Investors re-embraced European equities last month but a real reflection of increased risk tolerance will come if they are drawn back into emerging markets. Cherry Reynard reports.
The Federal Reserve surprised bond bears in October by suggesting that quantitative easing (QE) would continue into 2014. This prompted some hasty covering of positions and reversed a long-running sell-off in bond markets.
Nevertheless, equities were still the preferred asset class, with investors moving back into unloved European markets in the hope of an economic recovery.
EPFR data illustrated the trend away from bond funds at the start of October.
Investors had already pulled $61.5bn from the asset class worldwide in the third quarter, the highest figure since EPFR started tracking bonds in January 2004. The only exception to that had been various floating rate fixed income asset classes, such as bank loans, which had continued to see inflows.
Where did the smart money go in October?
However, this flow away from bond funds was halted in the final week of October, after weaker economic data prompted the Fed to postpone the tapering of its QE programme.
Equities were still the asset class of choice for the majority, with many increasingly willing to take additional risk. Global equity fund inflows rose to $21.4bn. Notably, EPFR data showed global investors increasingly willing to invest in the European peripheral countries.
In the third week of October, record inflows were directed towards European and Spanish equity funds.

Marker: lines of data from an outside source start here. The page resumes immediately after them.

section \<open>A suffix-closed witness\<close>

text \<open>Alphabet {0,1}, states 0..m+1 with final states 0 and 1 and m+1 dead.  From 0 the
  letter 0 loops and 1 jumps to m; from q in 1..m the letter 0 counts down to q-1 and 1 kills.
  Thus L = (0 \<union> 1 0^m)^* (\<epsilon> \<union> 1 0^(m-1)); it is suffix-closed with m+2 quotients, while L*
  has only m+1 of them: L* itself and (L_s)L* for the states s in 2..m+1.\<close>
definition dsuf :: "nat \<Rightarrow> nat \<Rightarrow> nat \<Rightarrow> nat" where
  "dsuf m q a = (if q = 0 then (if a = 0 then 0 else m)
     else if q \<le> m then (if a = 0 then q - 1 else m + 1) else m + 1)"

abbreviation "Asuf \<equiv> {0::nat, 1}"
abbreviation "Lsuf_from m q \<equiv> dfa_lang Asuf (dsuf m) {0, 1} q"
abbreviation "Lsuf m \<equiv> Lsuf_from m 0"
abbreviation "Ksuf m \<equiv> kstar (Lsuf m)"

lemma dsuf_in: "q \<in> {0..m+1} \<Longrightarrow> a \<in> Asuf \<Longrightarrow> dsuf m q a \<in> {0..m+1}"
  unfolding dsuf_def by auto

lemma dsuf_dead [simp]: "dsuf m (Suc m) a = Suc m"
  by (simp add: dsuf_def)

lemma dsuf_00 [simp]: "dsuf m 0 0 = 0"
  by (simp add: dsuf_def)

lemma dsuf_01 [simp]: "dsuf m 0 (Suc 0) = m"
  by (simp add: dsuf_def)

lemma dsuf_q0: "1 \<le> q \<Longrightarrow> q \<le> m \<Longrightarrow> dsuf m q 0 = q - 1"
  by (simp add: dsuf_def)

lemma dsuf_q1: "1 \<le> q \<Longrightarrow> dsuf m q (Suc 0) = m + 1"
  by (simp add: dsuf_def)

lemma run_dsuf_dead: "run (dsuf m) x (Suc m) = Suc m"
  by (rule run_dead) simp

lemma Lsuf_from_dead: "m \<ge> 1 \<Longrightarrow> Lsuf_from m (m + 1) = {}"
  using run_dsuf_dead[of m] by (auto simp: dfa_lang_def)
lemma is_mod_inverse_inv_b:
  assumes "admissible r a"
  shows "is_mod_inverse r a (inv_b r a mod r)"
proof -
  have "\<exists>b. (a * b) mod r = 1 mod r"
    using assms coprime_iff_invertible_int[of a r]
    by (auto simp: admissible_def coprime_commute cong_def)
  then have "(a * inv_b r a) mod r = 1 mod r"
    unfolding inv_b_def by (rule someI_ex)
  then have inverse: "(a * (inv_b r a mod r)) mod r = 1"
    using assms by (simp add: admissible_def mod_mult_right_eq)
  moreover have "inv_b r a mod r \<noteq> 0"
    using inverse by auto
  moreover have "0 \<le> inv_b r a mod r" "inv_b r a mod r < r"
    using assms by (simp_all add: admissible_def)
  ultimately show ?thesis
    using assms by (simp add: is_mod_inverse_def)
qed

lemma is_mod_inverse_edge:
  assumes "is_mod_inverse r a b" "a = 1 \<or> a = r - 1"
  shows "b = a"
proof -
  have b: "0 < b" "b < r" "(a * b) mod r = 1"
    using assms(1) by (auto simp: is_mod_inverse_def)
  have "(r - 1) * b = - b + b * r"
    by (simp add: algebra_simps)
  then have "((r - 1) * b) mod r = (- b) mod r"
    by (simp only: mod_mult_self1)
  also have "\<dots> = r - b"
    using b by (simp add: zmod_zminus1_eq_if)
  finally show ?thesis
    using assms(2) b by auto
qed

lemma mod_inverse_quotient_bounds:
  assumes "is_mod_inverse r a b" "1 < a"
  shows "0 < (a * b) div r" "(a * b) div r < a" "(a * b) div r < b"
    and "a * b = 1 + (a * b) div r * r"
proof -
  have b: "1 < r" "a < r" "0 < b" "b < r" "(a * b) mod r = 1"
    using assms(1) by (auto simp: is_mod_inverse_def admissible_def)
  then show ab: "a * b = 1 + (a * b) div r * r"
    by (metis add.commute div_mult_mod_eq)
  have "a \<le> a * b"
    using assms(2) b(3) by simp
  then have "1 < a * b"
    using assms(2) by linarith
  with ab have "0 < (a * b) div r * r"
    by linarith
  with b(1) show "0 < (a * b) div r"
    by (simp add: zero_less_mult_iff)
  have "a * b < a * r" "a * b < r * b"
    using assms(2) b by simp_all
  then have "(a * b) div r * r < a * r" "(a * b) div r * r < b * r"
    using ab by (simp_all add: mult.commute)
  with b(1) show "(a * b) div r < a" "(a * b) div r < b"
    by simp_all
qed

lemma is_mod_inverse_left:
  assumes "is_mod_inverse r a b" "1 < a" "a < r - 1"
  shows "is_mod_inverse (r - a) (r mod (r - a)) (b - (a * b) div r)"
proof -
  define s c where "s = r - a" and "c = (a * b) div r"
  have c: "0 < c" "c < a" "c < b" and ab: "a * b = 1 + c * r"
    using mod_inverse_quotient_bounds[OF assms(1,2)] by (simp_all add: c_def)
  have bc: "(b - c) * a = 1 + c * s"
    using ab by (simp add: s_def algebra_simps)
  have "c * s \<le> (a - 1) * s"
    using c assms(3) by (simp add: s_def mult_right_mono)
  then have "(b - c) * a < s * a"
    using bc assms(3) by (simp add: s_def algebra_simps)
  then have "b - c < s"
    using assms(2) by simp
  moreover have "(r mod s * (b - c)) mod s = 1"
  proof -
    have "(r mod s * (b - c)) mod s = (r * (b - c)) mod s"
      by (simp add: mod_mult_left_eq)
    also have "r * (b - c) = (b - c) * a + (b - c) * s"
      by (simp add: s_def algebra_simps)
    also have "((b - c) * a + (b - c) * s) mod s = (1 + c * s) mod s"
      using bc by simp
    also have "\<dots> = 1"
      using assms(3) by (simp add: s_def)
    finally show ?thesis .
  qed
  ultimately show ?thesis
    using admissible_left[of r a] assms c
    by (simp add: is_mod_inverse_def s_def c_def)
qed

lemma is_mod_inverse_right:
  assumes "is_mod_inverse r a b" "1 < a" "a < r - 1"
  shows "is_mod_inverse a ((- r) mod a) ((a * b) div r)"
proof -
  define c where "c = (a * b) div r"
  have c: "0 < c" "c < a" and ab: "a * b = 1 + c * r"
    using mod_inverse_quotient_bounds[OF assms(1,2)] by (simp_all add: c_def)
  have "((- r) mod a * c) mod a = (- r * c) mod a"
    by (simp add: mod_mult_left_eq)
  also have "- r * c = 1 + (- b) * a"
    using ab by (simp add: algebra_simps)
  also have "(1 + (- b) * a) mod a = 1 mod a"
    by (rule mod_mult_self1)
  also have "\<dots> = 1"
    using assms(2) by simp
  finally show ?thesis
    using admissible_right[of r a] assms c
    by (simp add: is_mod_inverse_def c_def)
qed

section \<open>Small multiples\<close>

definition small_multiple :: "int \<Rightarrow> int \<Rightarrow> int \<Rightarrow> int \<Rightarrow> bool" where
  "small_multiple r a b x \<longleftrightarrow> (\<exists>t\<in>{1..b}. (t * a) mod r = x mod r)"

lemma small_multiple_cong:
  "x mod r = y mod r \<Longrightarrow> small_multiple r a b x = small_multiple r a b y"
  by (simp add: small_multiple_def)

lemma small_multiple_mod [simp]: "small_multiple r a b (x mod r) = small_multiple r a b x"
  by (simp add: small_multiple_def)

lemma mod_inverse_cancel:
  fixes r a b x :: int
  assumes "(a * b) mod r = 1"
  shows "((x * b) mod r * a) mod r = x mod r"
proof -
  have "((x * b) mod r * a) mod r = (x * (a * b)) mod r"
    unfolding mod_mult_left_eq by (simp add: ac_simps)
  also have "\<dots> = (x * ((a * b) mod r)) mod r"
    by (simp add: mod_mult_right_eq)
  finally show ?thesis
    using assms by simp
qed

lemma small_multiple_iff_mod:
  assumes "is_mod_inverse r a b"
  shows "small_multiple r a b x \<longleftrightarrow> (x * b) mod r \<in> {1..b}"
proof -
  have ab: "(a * b) mod r = 1" "(b * a) mod r = 1"
    using assms by (simp_all add: is_mod_inverse_def mult.commute)
  have "(t * a) mod r = x mod r \<longleftrightarrow> t = (x * b) mod r" if "t \<in> {1..b}" for t
  proof
    assume "(t * a) mod r = x mod r"
    then have "(x * b) mod r = ((t * a) mod r * b) mod r"
      by (simp add: mod_mult_left_eq)
    also have "\<dots> = t"
      using mod_inverse_cancel[OF ab(2), of t] assms that by (simp add: is_mod_inverse_def)
    finally show "t = (x * b) mod r" ..
  next
    assume "t = (x * b) mod r"
    then show "(t * a) mod r = x mod r"
      using mod_inverse_cancel[OF ab(1), of x] by simp
  qed
  then show ?thesis
    unfolding small_multiple_def by auto
qed

lemma small_multiple_one: "is_mod_inverse r a b \<Longrightarrow> small_multiple r a b 1"
  by (simp add: small_multiple_iff_mod is_mod_inverse_def)

lemma not_small_multiple_zero: "is_mod_inverse r a b \<Longrightarrow> \<not> small_multiple r a b 0"
  by (simp add: small_multiple_iff_mod)

lemma not_small_multiple_modulus: "is_mod_inverse r a b \<Longrightarrow> \<not> small_multiple r a b r"
  using not_small_multiple_zero small_multiple_cong[of r r 0] by simp

lemma small_multiple_shift:
  assumes "is_mod_inverse r a b" "x mod r \<noteq> 0" "x mod r \<noteq> 1"
  shows "small_multiple r a b (x + a) = small_multiple r a b x"
proof -
  have r: "0 < b" "b < r" and ab: "(a * b) mod r = 1"
    using assms(1) by (auto simp: is_mod_inverse_def)
  define u where "u = (x * b) mod r"
  have u: "0 \<le> u" "u < r"
    using r by (simp_all add: u_def)
  have x: "x mod r = (u * a) mod r"
    using mod_inverse_cancel[OF ab, of x] by (simp add: u_def)
  have "u \<noteq> 0"
    using x assms(2) by auto
  have "u \<noteq> b"
    using x assms(3) ab by (auto simp: mult.commute)
  have "((x + a) * b) mod r = ((x * b) mod r + (a * b) mod r) mod r"
    by (simp add: distrib_right mod_add_eq)
  then have xa: "((x + a) * b) mod r = (u + 1) mod r"
    by (simp add: ab u_def)
  have "(u + 1) mod r \<in> {1..b} \<longleftrightarrow> u \<in> {1..b}"
  proof (cases "u + 1 = r")
    case True
    then show ?thesis
      using \<open>u \<noteq> b\<close> r by auto
  next
    case False
    then have "(u + 1) mod r = u + 1"
      using u by simp
    then show ?thesis
      using \<open>u \<noteq> 0\<close> \<open>u \<noteq> b\<close> by auto
  qed
  then show ?thesis
    by (simp add: small_multiple_iff_mod[OF assms(1)] xa u_def)
qed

The data found that, during the week ending 23 October, US equity funds saw the largest nominal inflows, but European equity funds saw the greatest increase relative to their size, with even Portugal, Italy, Ireland and Greece attracting inflows.
This may be a reflection of the stronger performance of these markets over the past 12 months. The Athens Composite is up 45%, for example, while the Spanish Ibex is up 24%, the Italian market up 22% and the Irish market up 31%. Investors may be hastily correcting long-held underweight positions.
However, there is also a marked improvement in the economic outlook for some of these countries, with Portugal and Spain predicted by the International Monetary Fund (IMF) to move into budget surplus in 2013.